I hesitate, however, to conclude that Amendment 599 is substantive (at least as it applies to Goines’ circumstances), because of the utterly inconsequential change in language from Note 2 to Amendment 599. While Amendment 599 provides more specific direction as to the scope of "underlying offense,” the fact remains that the guidelines at the time Goines was sentenced (as they do today) defined "offense” to include "the offense of conviction and all relevant conduct under § 1B1.3 (Relevant Conduct) unless a different meaning is specified or is otherwise clear from the context.” U.S.S.G. § 1B1, cmt. n.l(Z) (1998) (emphasis added). Substituting this definition of "offense” into Note 2 would seem to render Note 2 identical in substantive scope to Amendment 599. This view, of course, is reinforced, if not fully confirmed, by the Commission's own characterization of the effect of its change, including its repeated characterization of the change as merely clarifying. See U.S.S.G., supp. to app. C, amend. 599 (Reason for Amendment). In particular, the Commission stated that “[t]he amendment clarifies application of the commentary, consistent with the definition of ‘offense’ found in § IB 1.1 (Application Note 1 (Z)) and with general guideline principles. It addresses disparate application arising from conflicting interpretations of the current guideline in different courts....” Id. (emphasis added).

In view of the above, and assuming that this conclusion applies to both paragraphs of Amendment 599, I think it is more likely that the Commission simply concluded in error that clarifying amendments could serve as predicates for a sentence reduction under section 3582(c)(2). There-fore, I defer to the majority’s characterization of the amendment.

. The majority places significant emphasis on the fact that no other court has reached the conclusion I have in this case. Without addressing these arguments in detail, I imagine that those earlier courts that, at least implicitly, reached the contrary interpretation of section 3582(c)(2) suffered (to the extent they gave much thought to the question at all) from interpretive errors similar to those made by the majority.

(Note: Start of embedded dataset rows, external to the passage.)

lemma power_growth_bound:
  assumes e: "0 < e"
  shows "\<exists>C\<ge>0. \<forall>k. \<rho> (g ^ k) \<le> C * (spectral \<rho> g + e) ^ k"
proof -
  define q where "q = spectral \<rho> g + e"
  have q0: "0 < q" unfolding q_def using spectral_nonneg[of g] e by simp
  have "Inf ((\<lambda>n. root n (\<rho> (g ^ n))) ` {1..}) < q"
    unfolding q_def spectral_def[symmetric] using e by simp
  then obtain N where N: "1 \<le> N" "root N (\<rho> (g ^ N)) < q"
    using cInf_lessD[of "(\<lambda>n. root n (\<rho> (g ^ n))) ` {1..}" q] by auto
  have gN: "\<rho> (g ^ N) \<le> q ^ N"
  proof -
    have "\<rho> (g ^ N) = root N (\<rho> (g ^ N)) ^ N" using N(1) B_seminormsD(1)[OF \<rho>] by simp
    also have "\<dots> \<le> q ^ N" using N by (intro power_mono) (auto intro: real_root_ge_zero B_seminormsD(1)[OF \<rho>])
    finally show ?thesis .
  qed
  \<comment> \<open>write \<open>k = N * d + j\<close> with \<open>j < N\<close>; \<open>C\<close> absorbs the finitely many residues \<open>j\<close>\<close>
  define C where "C = Max ((\<lambda>j. \<rho> (g ^ j) / q ^ j) ` {..<N})"
  have C_ge: "\<rho> (g ^ j) / q ^ j \<le> C" if "j < N" for j unfolding C_def using that by (intro Max_ge) auto
  have C0: "0 \<le> C" using C_ge[of 0] N q0 B_seminormsD(1)[OF \<rho>, of 1] by (auto intro: order_trans[OF _ C_ge[of 0]])
  have "\<rho> (g ^ k) \<le> C * q ^ k" for k
  proof -
    define d where "d = k div N"
    define j where "j = k mod N"
    have k: "k = N * d + j" and jN: "j < N" unfolding d_def j_def using N by simp_all
    have "\<rho> (g ^ k) \<le> \<rho> (g ^ (N * d)) * \<rho> (g ^ j)" unfolding k by (rule seminorm_power_add)
    also have "\<dots> \<le> (q ^ N) ^ d * (C * q ^ j)"
    proof (intro mult_mono)
      show "\<rho> (g ^ (N * d)) \<le> (q ^ N) ^ d"
        using seminorm_power_mult[of g N d] power_mono[OF gN B_seminormsD(1)[OF \<rho>], of d] by linarith
      show "\<rho> (g ^ j) \<le> C * q ^ j" using C_ge[OF jN] q0 by (simp add: divide_le_eq)
    qed (use q0 B_seminormsD(1)[OF \<rho>] in auto)
    also have "\<dots> = C * q ^ k" unfolding k by (simp add: power_add power_mult)
    finally show ?thesis .
  qed
  then show ?thesis using C0 unfolding q_def by blast
qed
theorem mainTheorem7:
  fixes m :: nat
  assumes "m \<ge> 2"
  shows "(\<exists>A :: (nat, letter) dfa. dfa_wf A \<and> lang A = rev_lang (lang (M m))
            \<and> card (states A) = 2 ^ m)
       \<and> (\<forall>A :: ('s, letter) dfa. dfa_wf A \<and> lang A = rev_lang (lang (M m))
            \<longrightarrow> 2 ^ m \<le> card (states A))"
proof
  let ?R = "rev_dfa (M m)"
  have wfM: "dfa_wf (M m)" using assms by (rule dfa_wf_M)
  have wfR: "dfa_wf ?R" using wfM by (rule rev_dfa_wf)
  let ?f = "to_nat_on (states ?R)"
  have "inj_on ?f (states ?R)"
    using wfR by (intro inj_on_to_nat_on countable_finite) (simp add: dfa_wf_def)
  then have "dfa_wf (map_dfa ?f ?R)" "lang (map_dfa ?f ?R) = rev_lang (lang (M m))"
    "card (states (map_dfa ?f ?R)) = 2 ^ m"
    using map_dfa_correct[OF wfR] lang_rev_dfa[OF wfM] card_states_rev_dfa[OF wfM]
    by (simp_all add: card_states_M)
  then show "\<exists>A :: (nat, letter) dfa. dfa_wf A \<and> lang A = rev_lang (lang (M m))
               \<and> card (states A) = 2 ^ m"
    by blast
  show "\<forall>A :: ('s, letter) dfa. dfa_wf A \<and> lang A = rev_lang (lang (M m))
          \<longrightarrow> 2 ^ m \<le> card (states A)"
  proof (intro allI impI)
    fix B :: "('s, letter) dfa"
    assume "dfa_wf B \<and> lang B = rev_lang (lang (M m))"
    then have "card (reachable ?R) \<le> card (states B)"
      using rev_lang_lower_bound[OF wfM M_accessible] by blast
    then show "2 ^ m \<le> card (states B)"
      using reachable_rev_M[OF assms] by (simp add: card_Pow)
  qed
qed

end
definition alignment ::
  "'i set \<Rightarrow> ('i \<Rightarrow> 'a set) \<Rightarrow> ('i \<Rightarrow> 'a \<Rightarrow> 'a \<Rightarrow> bool)
     \<Rightarrow> 'a set set \<Rightarrow> ('a set \<Rightarrow> 'a set \<Rightarrow> bool) \<Rightarrow> bool" where
  "alignment I Xf lt A prec \<longleftrightarrow>
     (let X = (\<Union>a\<in>I. Xf a); C = columns X A in
       simple_graph X A \<and>
       strict_po_on C prec \<and>
       \<comment> \<open>(P1)\<close>
       (\<forall>P\<in>C. \<forall>x\<in>P. \<forall>y\<in>P. x \<noteq> y \<longrightarrow> {x, y} \<in> A) \<and>
       \<comment> \<open>(P2)\<close>
       (\<forall>P\<in>C. \<forall>a\<in>I. \<forall>x\<in>P \<inter> Xf a. \<forall>y\<in>P \<inter> Xf a. x = y) \<and>
       \<comment> \<open>(P3)\<close>
       (\<forall>P\<in>C. \<forall>Q\<in>C. \<forall>a\<in>I. \<forall>x\<in>P. \<forall>y\<in>Q.
          x \<in> Xf a \<and> y \<in> Xf a \<and> lt a x y \<longrightarrow> prec P Q) \<and>
       \<comment> \<open>(P4)\<close>
       (\<forall>P\<in>C. \<forall>Q\<in>C. \<forall>a\<in>I. \<forall>x\<in>P. \<forall>y\<in>Q.
          prec P Q \<and> x \<in> Xf a \<and> y \<in> Xf a \<longrightarrow>
            lt a x y \<or> (\<not> lt a x y \<and> \<not> lt a y x)))"

definition fam2 :: "'a set \<Rightarrow> 'a set \<Rightarrow> nat \<Rightarrow> 'a set" where
  "fam2 X1 X2 i = (if i = 1 then X1 else X2)"

definition ord2 :: "('a \<Rightarrow> 'a \<Rightarrow> bool) \<Rightarrow> ('a \<Rightarrow> 'a \<Rightarrow> bool) \<Rightarrow> nat \<Rightarrow> 'a \<Rightarrow> 'a \<Rightarrow> bool" where
  "ord2 lt1 lt2 i = (if i = 1 then lt1 else lt2)"

definition prop_M :: "('a \<times> 'b) set \<Rightarrow> bool" where
  "prop_M R \<longleftrightarrow>
     (\<forall>x y z. (x, y) \<in> R \<and> (x, z) \<in> R \<longrightarrow> y = z) \<and>
     (\<forall>x y z. (x, z) \<in> R \<and> (y, z) \<in> R \<longrightarrow> x = y)"

definition prop_P' :: "('a \<Rightarrow> 'a \<Rightarrow> bool) \<Rightarrow> ('b \<Rightarrow> 'b \<Rightarrow> bool) \<Rightarrow> ('a \<times> 'b) set \<Rightarrow> bool" where
  "prop_P' lt1 lt2 R \<longleftrightarrow>
     (\<exists>ld. strict_po_on R ld \<and>
        (\<forall>u v x y. (u, v) \<in> R \<and> (x, y) \<in> R \<and> (lt1 u x \<or> lt2 v y) \<longrightarrow> ld (u, v) (x, y)))"

definition edges_of :: "('a \<times> 'a) set \<Rightarrow> 'a set set" where
  "edges_of R = {{x, y} | x y. (x, y) \<in> R}"

definition pair_columns :: "'a set \<Rightarrow> 'a set \<Rightarrow> ('a \<times> 'a) set \<Rightarrow> 'a set set" where
  "pair_columns X1 X2 R =
     {{x, y} | x y. (x, y) \<in> R} \<union>
     {{z} | z. z \<in> X1 \<union> X2 \<and> z \<notin> Domain R \<and> z \<notin> Range R}"

end

theory Submission
  imports Defs
begin

(*
  In an alignment of two posets a column contains at most one element of each poset, so every
  edge joins X1 to X2 and the edges form a matching R; ordering two matched pairs by the order
  of their columns yields (P').

  Conversely, for a matching R the columns are the matched pairs and the unmatched singletons.
  Order them by the transitive closure of "some element of P lies below some element of Q in its
  own poset". A cycle would be impossible: where it stays within one poset it is a chain there,
  and between two consecutive pairs at which it switches posets it is a chain from an end of one
  pair to an end of the next, so by (P') these pairs strictly increase and would form a cycle of
  the strict order on R. Finally (P4) follows from (P3) for any strict order on the columns.
*)

definition family_less :: "'i set \<Rightarrow> ('i \<Rightarrow> 'a set) \<Rightarrow> ('i \<Rightarrow> 'a \<Rightarrow> 'a \<Rightarrow> bool) \<Rightarrow> 'a \<Rightarrow> 'a \<Rightarrow> bool" where
  "family_less I Xf lt x y \<longleftrightarrow> (\<exists>a\<in>I. x \<in> Xf a \<and> y \<in> Xf a \<and> lt a x y)"

lemma alignmentD:
  assumes "alignment I Xf lt A prec"
  defines "X \<equiv> \<Union>a\<in>I. Xf a"
  shows "simple_graph X A" and "strict_po_on (columns X A) prec"
    and "\<lbrakk>P \<in> columns X A; a \<in> I; x \<in> P \<inter> Xf a; y \<in> P \<inter> Xf a\<rbrakk> \<Longrightarrow> x = y"
    and "\<lbrakk>P \<in> columns X A; Q \<in> columns X A; x \<in> P; y \<in> Q; family_less I Xf lt x y\<rbrakk> \<Longrightarrow> prec P Q"
  using assms unfolding alignment_def Let_def family_less_def by (simp_all, blast+)

text \<open>For a strict order on the columns, (P4) is a consequence of (P3).\<close>
lemma alignmentI:
  fixes I :: "'i set" and Xf :: "'i \<Rightarrow> 'a set"
  defines "X \<equiv> \<Union>a\<in>I. Xf a"
  assumes "simple_graph X A" and prec: "strict_po_on (columns X A) prec"
    and "\<And>P x y. \<lbrakk>P \<in> columns X A; x \<in> P; y \<in> P; x \<noteq> y\<rbrakk> \<Longrightarrow> {x, y} \<in> A"
    and "\<And>P a x y. \<lbrakk>P \<in> columns X A; a \<in> I; x \<in> P \<inter> Xf a; y \<in> P \<inter> Xf a\<rbrakk> \<Longrightarrow> x = y"
    and P3: "\<And>P Q x y. \<lbrakk>P \<in> columns X A; Q \<in> columns X A; x \<in> P; y \<in> Q; family_less I Xf lt x y\<rbrakk>
      \<Longrightarrow> prec P Q"
  shows "alignment I Xf lt A prec"
proof -
  let ?C = "columns X A"
  have P3': "\<forall>P\<in>?C. \<forall>Q\<in>?C. \<forall>a\<in>I. \<forall>x\<in>P. \<forall>y\<in>Q. x \<in> Xf a \<and> y \<in> Xf a \<and> lt a x y \<longrightarrow> prec P Q"
    using P3 unfolding family_less_def by blast
  have P4: "\<forall>P\<in>?C. \<forall>Q\<in>?C. \<forall>a\<in>I. \<forall>x\<in>P. \<forall>y\<in>Q.
      prec P Q \<and> x \<in> Xf a \<and> y \<in> Xf a \<longrightarrow> lt a x y \<or> (\<not> lt a x y \<and> \<not> lt a y x)"
  proof (intro ballI impI)
    fix P Q a x y
    assume h: "P \<in> ?C" "Q \<in> ?C" "a \<in> I" "x \<in> P" "y \<in> Q" "prec P Q \<and> x \<in> Xf a \<and> y \<in> Xf a"
    have "\<not> lt a y x"
    proof
      assume "lt a y x"
      then have "prec Q P" using P3' h by blast
      with h prec show False unfolding strict_po_on_def by blast
    qed
    then show "lt a x y \<or> (\<not> lt a x y \<and> \<not> lt a y x)" by blast
  qed
  moreover have "\<forall>P\<in>?C. \<forall>x\<in>P. \<forall>y\<in>P. x \<noteq> y \<longrightarrow> {x, y} \<in> A"
    using assms(4) by blast
  moreover have "\<forall>P\<in>?C. \<forall>a\<in>I. \<forall>x\<in>P \<inter> Xf a. \<forall>y\<in>P \<inter> Xf a. x = y"
    using assms(5) by blast
  ultimately show ?thesis
    unfolding alignment_def Let_def X_def[symmetric]
    using assms(2) prec P3' by (intro conjI) assumption+
qed

lemma strict_po_on_inv_image:
  assumes "strict_po_on C r" "f ` S \<subseteq> C"
  shows "strict_po_on S (\<lambda>p q. r (f p) (f q))"
  using assms unfolding strict_po_on_def by blast

definition component :: "'a set \<Rightarrow> 'a set set \<Rightarrow> 'a \<Rightarrow> 'a set" where
  "component X A x = {y \<in> X. (x, y) \<in> (adj A)\<^sup>*}"

lemma columns_eq_component_image: "columns X A = component X A ` X"
  by (auto simp: columns_def component_def)

lemma self_in_component: "x \<in> X \<Longrightarrow> x \<in> component X A x"
  by (simp add: component_def)

lemma component_in_columns: "x \<in> X \<Longrightarrow> component X A x \<in> columns X A"
  by (simp add: columns_eq_component_image)

lemma simple_graph_edgeD: "simple_graph X A \<Longrightarrow> {x, y} \<in> A \<Longrightarrow> x \<in> X \<and> y \<in> X \<and> x \<noteq> y"
  by (auto simp: simple_graph_def doubleton_eq_iff)

lemma component_eq_if_edge:
  assumes "{x, y} \<in> A"
  shows "component X A x = component X A y"
proof -
  have "(x, y) \<in> (adj A)\<^sup>*" "(y, x) \<in> (adj A)\<^sup>*"
    using assms by (auto simp: adj_def insert_commute)
  then show ?thesis
    unfolding component_def by (blast intro: rtrancl_trans)
qed

lemma in_component_if_edge:
  assumes "simple_graph X A" "{x, y} \<in> A"
  shows "y \<in> component X A x"
proof -
  have "y \<in> X"
    using simple_graph_edgeD[OF assms] by blast
  then show ?thesis
    using component_eq_if_edge[OF assms(2), of X] self_in_component by simp
qed

section \<open>The graph of a bipartite matching\<close>

lemma adj_edges_of: "adj (edges_of R) = R \<union> R\<inverse>"
  by (auto simp: adj_def edges_of_def doubleton_eq_iff)

lemma rtrancl_matching:
  assumes "R \<subseteq> X1 \<times> X2" "X1 \<inter> X2 = {}" "prop_M R"
  shows "(R \<union> R\<inverse>)\<^sup>* = (R \<union> R\<inverse>)\<^sup>="
proof -
  have "trans ((R \<union> R\<inverse>)\<^sup>=)"
    using assms unfolding trans_def prop_M_def by blast
  then have "((R \<union> R\<inverse>)\<^sup>=)\<^sup>+ = (R \<union> R\<inverse>)\<^sup>=" by (rule trancl_id)
  then show ?thesis by (metis rtrancl_reflcl reflcl_trancl Un_absorb Un_assoc)
qed

lemma component_edges_of:
  assumes "R \<subseteq> X1 \<times> X2" "X1 \<inter> X2 = {}" "prop_M R"
  shows "component (X1 \<union> X2) (edges_of R) x = {y \<in> X1 \<union> X2. y = x \<or> (x, y) \<in> R \<or> (y, x) \<in> R}"
  using rtrancl_matching[OF assms] by (auto simp: component_def adj_edges_of)

lemma columns_edges_of:
  assumes "R \<subseteq> X1 \<times> X2" "X1 \<inter> X2 = {}" "prop_M R"
  shows "columns (X1 \<union> X2) (edges_of R) = pair_columns X1 X2 R"
proof -
  have comp_pair: "component (X1 \<union> X2) (edges_of R) x = {x, y}"
    "component (X1 \<union> X2) (edges_of R) y = {x, y}" if "(x, y) \<in> R" for x y
    using that assms unfolding component_edges_of[OF assms] prop_M_def by blast+
  have comp_single: "component (X1 \<union> X2) (edges_of R) z = {z}"
    if "z \<notin> Domain R" "z \<notin> Range R" "z \<in> X1 \<union> X2" for z
    using that unfolding component_edges_of[OF assms] by blast
  show ?thesis
  proof
    show "columns (X1 \<union> X2) (edges_of R) \<subseteq> pair_columns X1 X2 R"
    proof
      fix P assume "P \<in> columns (X1 \<union> X2) (edges_of R)"
      then obtain x where x: "x \<in> X1 \<union> X2" and P: "P = component (X1 \<union> X2) (edges_of R) x"
        unfolding columns_eq_component_image by blast
      consider y where "(x, y) \<in> R" | y where "(y, x) \<in> R" | "x \<notin> Domain R" "x \<notin> Range R"
        by blast
      then show "P \<in> pair_columns X1 X2 R"
        by cases (use P x comp_pair comp_single in \<open>auto simp: pair_columns_def\<close>)
    qed
    show "pair_columns X1 X2 R \<subseteq> columns (X1 \<union> X2) (edges_of R)"
      unfolding columns_eq_component_image pair_columns_def
      using comp_pair(1) comp_single assms(1) by blast
  qed
qed

lemma simple_graph_edges_of:
  assumes "R \<subseteq> X1 \<times> X2" "X1 \<inter> X2 = {}"
  shows "simple_graph (X1 \<union> X2) (edges_of R)"
  using assms unfolding simple_graph_def edges_of_def by blast

lemma pair_columns_cases:
  assumes "P \<in> pair_columns X1 X2 R" "x \<in> P" "y \<in> P"
  obtains "x = y" | n where "n \<in> R" "x \<in> {fst n, snd n}" "y \<in> {fst n, snd n}"
  using assms unfolding pair_columns_def by fastforce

. Assuming that each of the ostensibly clarifying amendments listed in section IB 1.10(c) is clarifying in all respects, I do not disagree that such listings demonstrate the Commission’s view that section IB 1.10(a) can potentially be satisfied by clarifying amendments.

. But my position is not, as might be suggested by the majority's citation to Rust, ante at 478-79, that the Commission's interpretation is invalid because it represents an unexplained departure from the Commission's longstanding views, although that may well be the case; my point, again, is that the Commission's current interpretation is not a "plausible construction” of, i.e., is plainly inconsistent with, the language of section 1B1.10(a). Ehlert v. United States, 402 U.S. 99, 105, 91 S.Ct. 1319, 28 L.Ed.2d 625 (1971).

. I disagree with the majority's view that Braxton justified its decision to pass on the first issue in part because "the Sentencing Commission was fully empowered ... to rectify any harms that might have resulted from incorrect interpretations of the relevant guideline.” Ante at 480. That is too broad a reading of the Court’s explanation for bypassing the stipulation issue; the opinion does not nearly construe the Commission's powers so expansively.

. Although the phrasing of the Commission's request for comments might suggest that a clarifying amendment would be forthcoming, it certainly does not require that result.